---------- Entries provided

(* Let $m \ge 1$ be an integer, let $N \ge 0$ and $s$ be integers with $0 \le s \le N$, and let $y \in (0,1)$, all held fixed. For real $n > 0$ let $\beta_n$ denote the Beta-Binomial distribution on $\{0,1,\ldots,m\}$ with probability mass function \[ p(l \mid y, n, m, s, N) = \binom{m}{l}\frac{B(l + ny + s,\; m - l + n(1-y) + N - s)}{B(ny + s,\; n(1-y) + N - s)}, \qquad l = 0,1,\ldots,m, \] where $B(\cdot,\cdot)$ is the Beta function. Let $0 < \underline{n} < \overline{n}$ and define, for $l \in \{0,\ldots,m\}$, \[ \mathcal{L}_{\overline{n},\underline{n}}(l) := \frac{p(l \mid y, \overline{n}, m, s, N)}{p(l \mid y, \underline{n}, m, s, N)}. \] Then: if $\mathcal{L}_{\overline{n},\underline{n}}(0) \le 1$ and $\mathcal{L}_{\overline{n},\underline{n}}(m) \ge 1$, then $\beta_{\overline{n}} \ge_{\mathrm{st}} \beta_{\underline{n}}$; and if $\mathcal{L}_{\overline{n},\underline{n}}(0) \ge 1$ and $\mathcal{L}_{\overline{n},\underline{n}}(m) \le 1$, then $\beta_{\overline{n}} \le_{\mathrm{st}} \beta_{\underline{n}}$.
   Context: For two probability distributions $P, Q$ on $\{0,1,\ldots,m\}$, first-order stochastic dominance $P \ge_{\mathrm{st}} Q$ means $P(\{l' : l' > l\}) \ge Q(\{l' : l' > l\})$ for every $l$ (equivalently, the cumulative distribution function of $P$ is pointwise no larger than that of $Q$); $P \le_{\mathrm{st}} Q$ means $Q \ge_{\mathrm{st}} P$. *)

theory Defs
  imports "HOL-Analysis.Analysis"
begin

definition bb_pmf :: "real \<Rightarrow> real \<Rightarrow> nat \<Rightarrow> nat \<Rightarrow> nat \<Rightarrow> nat \<Rightarrow> real" where
  "bb_pmf y n m s N l =
     real (m choose l) * Beta (real l + n * y + real s) (real m - real l + n * (1 - y) + real N - real s)
       / Beta (n * y + real s) (n * (1 - y) + real N - real s)"

definition st_ge :: "nat \<Rightarrow> (nat \<Rightarrow> real) \<Rightarrow> (nat \<Rightarrow> real) \<Rightarrow> bool" where
  "st_ge m P Q \<longleftrightarrow> (\<forall>l. (\<Sum>l'\<in>{l<..m}. P l') \<ge> (\<Sum>l'\<in>{l<..m}. Q l'))"

definition LR :: "real \<Rightarrow> nat \<Rightarrow> nat \<Rightarrow> nat \<Rightarrow> real \<Rightarrow> real \<Rightarrow> nat \<Rightarrow> real" where
  "LR y m s N nhi nlo l = bb_pmf y nhi m s N l / bb_pmf y nlo m s N l"

end

theory Submission
  imports Defs
begin

text \<open>
  By the Gamma-function recurrence the Beta-Binomial mass function is
  \<open>(m choose l) \<cdot> pochhammer a l \<cdot> pochhammer b (m - l) / pochhammer (a + b) m\<close>
  with \<open>a = n y + s\<close> and \<open>b = n (1 - y) + N - s\<close>, both increasing in \<open>n\<close>. The successive
  quotients of the likelihood ratio, \<open>L(l+1)/L(l) = (a' + l)/(a + l) \<cdot> (b + m - l - 1)/(b' + m - l - 1)\<close>, decrease in \<open>l\<close>,
  so \<open>L\<close> is quasi-concave on \<open>{0..m}\<close>. If \<open>L(m) \<ge> 1\<close>, the set where \<open>L \<ge> 1\<close> is therefore an
  upper interval: the two mass functions cross only once, which together with equal total
  mass gives stochastic dominance.
\<close>

lemma Beta_add_of_nat:
  fixes a b :: real
  assumes "0 < a" "0 < b"
  shows "Beta (a + real i) (b + real j)
           = pochhammer a i * pochhammer b j / pochhammer (a + b) (i + j) * Beta a b"
proof -
  have not_nonpos_Int: "x \<notin> \<int>\<^sub>\<le>\<^sub>0" if "0 < x" for x :: real
    using that by (auto elim!: nonpos_Ints_cases)
  have Gamma_add: "Gamma (x + real k) = pochhammer x k * Gamma x" if "0 < x" for x :: real and k
    using pochhammer_Gamma [OF not_nonpos_Int [OF that], of k] Gamma_real_pos [OF that] by simp
  have "Gamma (a + real i + (b + real j)) = pochhammer (a + b) (i + j) * Gamma (a + b)"
    using Gamma_add [of "a + b" "i + j"] assms by (simp add: ac_simps)
  moreover have "0 < pochhammer (a + b) (i + j)" "0 < Gamma (a + b)"
    using assms by (auto intro: pochhammer_pos)
  ultimately show ?thesis
    using assms unfolding Beta_def by (simp add: Gamma_add field_simps)
qed

definition beta_binomial :: "real \<Rightarrow> real \<Rightarrow> nat \<Rightarrow> nat \<Rightarrow> real" where
  "beta_binomial a b m l =
     real (m choose l) * pochhammer a l * pochhammer b (m - l) / pochhammer (a + b) m"

lemma bb_pmf_params_pos:
  assumes "0 < n" "0 < y" "y < 1" "s \<le> N"
  shows "0 < n * y + real s" "0 < n * (1 - y) + real N - real s"
proof -
  have "0 < n * y" "0 < n * (1 - y)" "real s \<le> real N"
    using assms by simp_all
  then show "0 < n * y + real s" "0 < n * (1 - y) + real N - real s"
    by linarith+
qed

lemma bb_pmf_eq_beta_binomial:
  assumes "0 < n" "0 < y" "y < 1" "s \<le> N" "l \<le> m"
  shows "bb_pmf y n m s N l = beta_binomial (n * y + real s) (n * (1 - y) + real N - real s) m l"
proof -
  define a where "a = n * y + real s"
  define b where "b = n * (1 - y) + real N - real s"
  have "0 < a" "0 < b"
    using bb_pmf_params_pos assms unfolding a_def b_def by blast+
  moreover have "bb_pmf y n m s N l = real (m choose l) * Beta (a + real l) (b + real (m - l)) / Beta a b"
    using assms unfolding bb_pmf_def a_def b_def by (simp add: of_nat_diff algebra_simps)
  moreover have "Beta (a + real l) (b + real (m - l))
                   = pochhammer a l * pochhammer b (m - l) / pochhammer (a + b) m * Beta a b"
    using Beta_add_of_nat [OF \<open>0 < a\<close> \<open>0 < b\<close>, of l "m - l"] assms by simp
  moreover have "0 < Beta a b"
    using \<open>0 < a\<close> \<open>0 < b\<close> by (simp add: Beta_def)
  ultimately show ?thesis
    unfolding beta_binomial_def a_def [symmetric] b_def [symmetric] by simp
qed

lemma beta_binomial_pos:
  assumes "0 < a" "0 < b" "l \<le> m"
  shows "0 < beta_binomial a b m l"
  using assms by (auto simp: beta_binomial_def intro!: divide_pos_pos mult_pos_pos pochhammer_pos)

lemma sum_beta_binomial:
  assumes "0 < a" "0 < b"
  shows "(\<Sum>l\<le>m. beta_binomial a b m l) = 1"
proof -
  have "0 < pochhammer (a + b) m"
    using assms by (intro pochhammer_pos) simp
  then show ?thesis
    unfolding beta_binomial_def
    by (simp add: sum_divide_distrib [symmetric] pochhammer_binomial_sum [symmetric])
qed

lemma beta_binomial_Suc:
  assumes "l < m"
  shows "(b + real (m - Suc l)) * real (Suc l) * beta_binomial a b m (Suc l)
           = (a + real l) * real (m - l) * beta_binomial a b m l"
proof -
  define k where "k = m - Suc l"
  have m_minus_l: "m - l = Suc k"
    using assms by (simp add: k_def)
  have "Suc l * (m choose Suc l) = Suc k * (m choose l)"
    using Suc_times_binomial [of l "m - 1"] binomial_absorb_comp [of m l] assms
    by (simp add: k_def Suc_diff_Suc)
  then have "real (Suc l) * real (m choose Suc l) = real (Suc k) * real (m choose l)"
    by (metis of_nat_mult)
  then show ?thesis
    unfolding beta_binomial_def k_def [symmetric] m_minus_l pochhammer_Suc
    by (simp add: ac_simps)
qed

lemma add_divide_add_antimono:
  fixes a a' t t' :: real
  assumes "0 < a" "a \<le> a'" "0 \<le> t" "t \<le> t'"
  shows "(a' + t') / (a + t') \<le> (a' + t) / (a + t)"
proof -
  have "a * (t' - t) \<le> a' * (t' - t)"
    using assms by (intro mult_right_mono) simp_all
  then have "a * t' + a' * t \<le> a * t + a' * t'"
    by (simp add: algebra_simps)
  then show ?thesis
    using assms by (simp add: divide_simps) (simp add: algebra_simps)
qed

lemma add_divide_add_mono:
  fixes a a' t t' :: real
  assumes "0 < a" "a \<le> a'" "0 \<le> t" "t \<le> t'"
  shows "(a + t) / (a' + t) \<le> (a + t') / (a' + t')"
  using le_imp_inverse_le [OF add_divide_add_antimono [OF assms]] assms by simp

lemma ratio_antimono_imp_quasiconcave:
  fixes L r :: "nat \<Rightarrow> real"
  assumes nonneg: "\<And>l. l \<le> m \<Longrightarrow> 0 \<le> L l"
    and L_Suc: "\<And>l. l < m \<Longrightarrow> L (Suc l) = r l * L l"
    and antimono: "\<And>i j. i \<le> j \<Longrightarrow> j < m \<Longrightarrow> r j \<le> r i"
    and "i \<le> j" "j \<le> k" "k \<le> m"
  shows "min (L i) (L k) \<le> L j"
proof -
  consider "j = k" | "j < k" "r j < 1" | "j < k" "1 \<le> r j"
    using \<open>j \<le> k\<close> by linarith
  then show ?thesis
  proof cases
    case 1
    then show ?thesis by simp
  next
    case 2
    have "L k \<le> L j"
      using \<open>j \<le> k\<close>
    proof (induction k rule: dec_induct)
      case (step t)
      have "r t \<le> 1"
        using antimono [of j t] step.hyps \<open>r j < 1\<close> \<open>k \<le> m\<close> by simp
      then have "r t * L t \<le> L t"
        using mult_right_mono [of "r t" 1 "L t"] nonneg [of t] step.hyps \<open>k \<le> m\<close> by simp
      then show ?case
        using step.IH step.hyps \<open>k \<le> m\<close> by (simp add: L_Suc)
    qed simp
    then show ?thesis
      by simp
  next
    case 3
    have "L i \<le> L j"
      using \<open>i \<le> j\<close>
    proof (induction j rule: dec_induct)
      case (step t)
      have "1 \<le> r t"
        using antimono [of t j] step.hyps \<open>1 \<le> r j\<close> \<open>j < k\<close> \<open>k \<le> m\<close> by simp
      then have "L t \<le> r t * L t"
        using mult_right_mono [of 1 "r t" "L t"] nonneg [of t] step.hyps \<open>j < k\<close> \<open>k \<le> m\<close> by simp
      then show ?case
        using step.IH step.hyps \<open>j < k\<close> \<open>k \<le> m\<close> by (simp add: L_Suc)
    qed simp
    then show ?thesis
      by simp
  qed
qed

lemma beta_binomial_ratio_quasiconcave:
  fixes a a' b b' :: real
  assumes "0 < a" "a \<le> a'" "0 < b" "b \<le> b'" "i \<le> j" "j \<le> k" "k \<le> m"
  defines "L \<equiv> \<lambda>l. beta_binomial a' b' m l / beta_binomial a b m l"
  shows "min (L i) (L k) \<le> L j"
proof (rule ratio_antimono_imp_quasiconcave [where m = m])
  define r where "r l = (a' + real l) / (a + real l) * ((b + real (m - Suc l)) / (b' + real (m - Suc l)))"
    for l
  have pos: "0 < beta_binomial a b m l" "0 < beta_binomial a' b' m l" if "l \<le> m" for l
    using assms that by (simp_all add: beta_binomial_pos)
  show "0 \<le> L l" if "l \<le> m" for l
    using pos [OF that] by (simp add: L_def)
  show "L (Suc l) = r l * L l" if "l < m" for l
  proof -
    have ratio_Suc: "P1 / Q1 = \<alpha>' / \<alpha> * (c / c') * (P0 / Q0)"
      if "c' * v * P1 = \<alpha>' * u * P0" "c * v * Q1 = \<alpha> * u * Q0"
        "0 < u" "0 < v" "0 < \<alpha>" "0 < c" "0 < c'" "0 < Q0"
      for P0 P1 Q0 Q1 \<alpha> \<alpha>' c c' u v :: real
    proof -
      have "P1 = \<alpha>' * u * P0 / (c' * v)" "Q1 = \<alpha> * u * Q0 / (c * v)"
        using that by (simp_all add: eq_divide_eq ac_simps)
      with that show ?thesis
        by (simp add: ac_simps)
    qed
    show ?thesis
      unfolding L_def r_def
      by (rule ratio_Suc [OF beta_binomial_Suc [OF that, of b' a'] beta_binomial_Suc [OF that, of b a]])
        (use assms that pos [of l] in simp_all)
  qed
  show "r j \<le> r i" if "i \<le> j" "j < m" for i j
    unfolding r_def
  proof (rule mult_mono)
    show "(a' + real j) / (a + real j) \<le> (a' + real i) / (a + real i)"
      using assms that by (intro add_divide_add_antimono) simp_all
    show "(b + real (m - Suc j)) / (b' + real (m - Suc j)) \<le> (b + real (m - Suc i)) / (b' + real (m - Suc i))"
      using assms that by (intro add_divide_add_mono) simp_all
  qed (use assms in simp_all)
qed (use assms in simp_all)

lemma st_ge_if_single_crossing:
  fixes P Q :: "nat \<Rightarrow> real" and S :: "nat \<Rightarrow> bool"
  assumes total: "(\<Sum>l\<le>m. P l) = (\<Sum>l\<le>m. Q l)"
    and S_Suc: "\<And>l. l < m \<Longrightarrow> S l \<Longrightarrow> S (Suc l)"
    and above: "\<And>l. l \<le> m \<Longrightarrow> S l \<Longrightarrow> Q l \<le> P l"
    and below: "\<And>l. l \<le> m \<Longrightarrow> \<not> S l \<Longrightarrow> P l \<le> Q l"
  shows "st_ge m P Q"
  unfolding st_ge_def
proof
  fix l
  have S_mono: "S j" if "S i" "i \<le> j" "j \<le> m" for i j
    using that(2,1,3) by (induction j rule: dec_induct) (auto intro: S_Suc)
  show "(\<Sum>l'\<in>{l<..m}. Q l') \<le> (\<Sum>l'\<in>{l<..m}. P l')"
  proof (cases "\<forall>j\<in>{l<..m}. S j")
    case True
    then show ?thesis
      by (intro sum_mono above) auto
  next
    case False
    then obtain j where j: "l < j" "j \<le> m" "\<not> S j"
      by auto
    have initial: "(\<Sum>i\<le>l. P i) \<le> (\<Sum>i\<le>l. Q i)"
      using S_mono [of _ j] j by (intro sum_mono below) force+
    have split: "(\<Sum>i\<le>m. f i) = (\<Sum>i\<le>l. f i) + (\<Sum>i\<in>{l<..m}. f i)" for f :: "nat \<Rightarrow> real"
      using j by (subst ivl_disj_un_one(3) [of l m, symmetric]) (auto intro: sum.union_disjoint)
    show ?thesis
      using initial total split [of P] split [of Q] by linarith
  qed
qed

lemma st_ge_if_ratio_quasiconcave:
  fixes P Q :: "nat \<Rightarrow> real"
  assumes total: "(\<Sum>l\<le>m. P l) = (\<Sum>l\<le>m. Q l)"
    and Q_pos: "\<And>l. l \<le> m \<Longrightarrow> 0 < Q l"
    and quasiconcave: "\<And>i j k. i \<le> j \<Longrightarrow> j \<le> k \<Longrightarrow> k \<le> m \<Longrightarrow>
                         min (P i / Q i) (P k / Q k) \<le> P j / Q j"
  shows "1 \<le> P m / Q m \<Longrightarrow> st_ge m P Q"
    and "1 \<le> P 0 / Q 0 \<Longrightarrow> st_ge m Q P"
proof -
  assume last: "1 \<le> P m / Q m"
  show "st_ge m P Q"
  proof (rule st_ge_if_single_crossing [where S = "\<lambda>l. 1 \<le> P l / Q l"])
    show "1 \<le> P (Suc l) / Q (Suc l)" if "l < m" "1 \<le> P l / Q l" for l
      using quasiconcave [of l "Suc l" m] last that by simp
  qed (use total Q_pos in \<open>auto simp: le_divide_eq not_le divide_less_eq\<close>)
next
  assume first: "1 \<le> P 0 / Q 0"
  show "st_ge m Q P"
  proof (rule st_ge_if_single_crossing [where S = "\<lambda>l. P l / Q l < 1"])
    show "P (Suc l) / Q (Suc l) < 1" if "l < m" "P l / Q l < 1" for l
      using quasiconcave [of 0 l "Suc l"] first that by (auto simp: min_def split: if_splits)
  qed (use total Q_pos in \<open>auto simp: le_divide_eq not_less divide_less_eq\<close>)
qed

theorem lemma1:
  fixes m s N :: nat and y nlo nhi :: real
  assumes "m \<ge> 1" and "s \<le> N" and "0 < y" and "y < 1"
    and "0 < nlo" and "nlo < nhi"
  shows "(LR y m s N nhi nlo 0 \<le> 1 \<and> LR y m s N nhi nlo m \<ge> 1
            \<longrightarrow> st_ge m (bb_pmf y nhi m s N) (bb_pmf y nlo m s N))
       \<and> (LR y m s N nhi nlo 0 \<ge> 1 \<and> LR y m s N nhi nlo m \<le> 1
            \<longrightarrow> st_ge m (bb_pmf y nlo m s N) (bb_pmf y nhi m s N))"
  \<comment> \<open>Only \<open>L(m) \<ge> 1\<close> resp. \<open>L(0) \<ge> 1\<close> is needed.\<close>
proof -
  define a where "a n = n * y + real s" for n
  define b where "b n = n * (1 - y) + real N - real s" for n
  have pos: "0 < a n" "0 < b n" if "0 < n" for n
    using bb_pmf_params_pos [OF that assms(3,4,2)] unfolding a_def b_def by simp_all
  have eq: "bb_pmf y n m s N l = beta_binomial (a n) (b n) m l" if "0 < n" "l \<le> m" for n l
    using bb_pmf_eq_beta_binomial [OF that(1) assms(3,4,2) that(2)] unfolding a_def b_def .
  have "a nlo \<le> a nhi" "b nlo \<le> b nhi"
    using assms by (simp_all add: a_def b_def mult_right_mono)
  have "0 < nhi"
    using assms by simp
  define P where "P = bb_pmf y nhi m s N"
  define Q where "Q = bb_pmf y nlo m s N"
  have "(\<Sum>l\<le>m. P l) = (\<Sum>l\<le>m. Q l)"
    using sum_beta_binomial pos \<open>0 < nhi\<close> \<open>0 < nlo\<close> by (simp add: P_def Q_def eq)
  moreover have "0 < Q l" if "l \<le> m" for l
    using beta_binomial_pos pos \<open>0 < nlo\<close> that by (simp add: Q_def eq)
  moreover have "min (P i / Q i) (P k / Q k) \<le> P j / Q j"
    if "i \<le> j" "j \<le> k" "k \<le> m" for i j k
    using beta_binomial_ratio_quasiconcave [OF pos(1) \<open>a nlo \<le> a nhi\<close> pos(2) \<open>b nlo \<le> b nhi\<close> that]
      \<open>0 < nlo\<close> \<open>0 < nhi\<close> that by (simp add: P_def Q_def eq)
  ultimately show ?thesis
    using st_ge_if_ratio_quasiconcave [of P m Q] unfolding LR_def P_def Q_def by blast
qed

end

--------------------

_What the task asks:_ Figure out how many lines of the data hold "imports", and answer with the number only.

_Result for this task:_ 2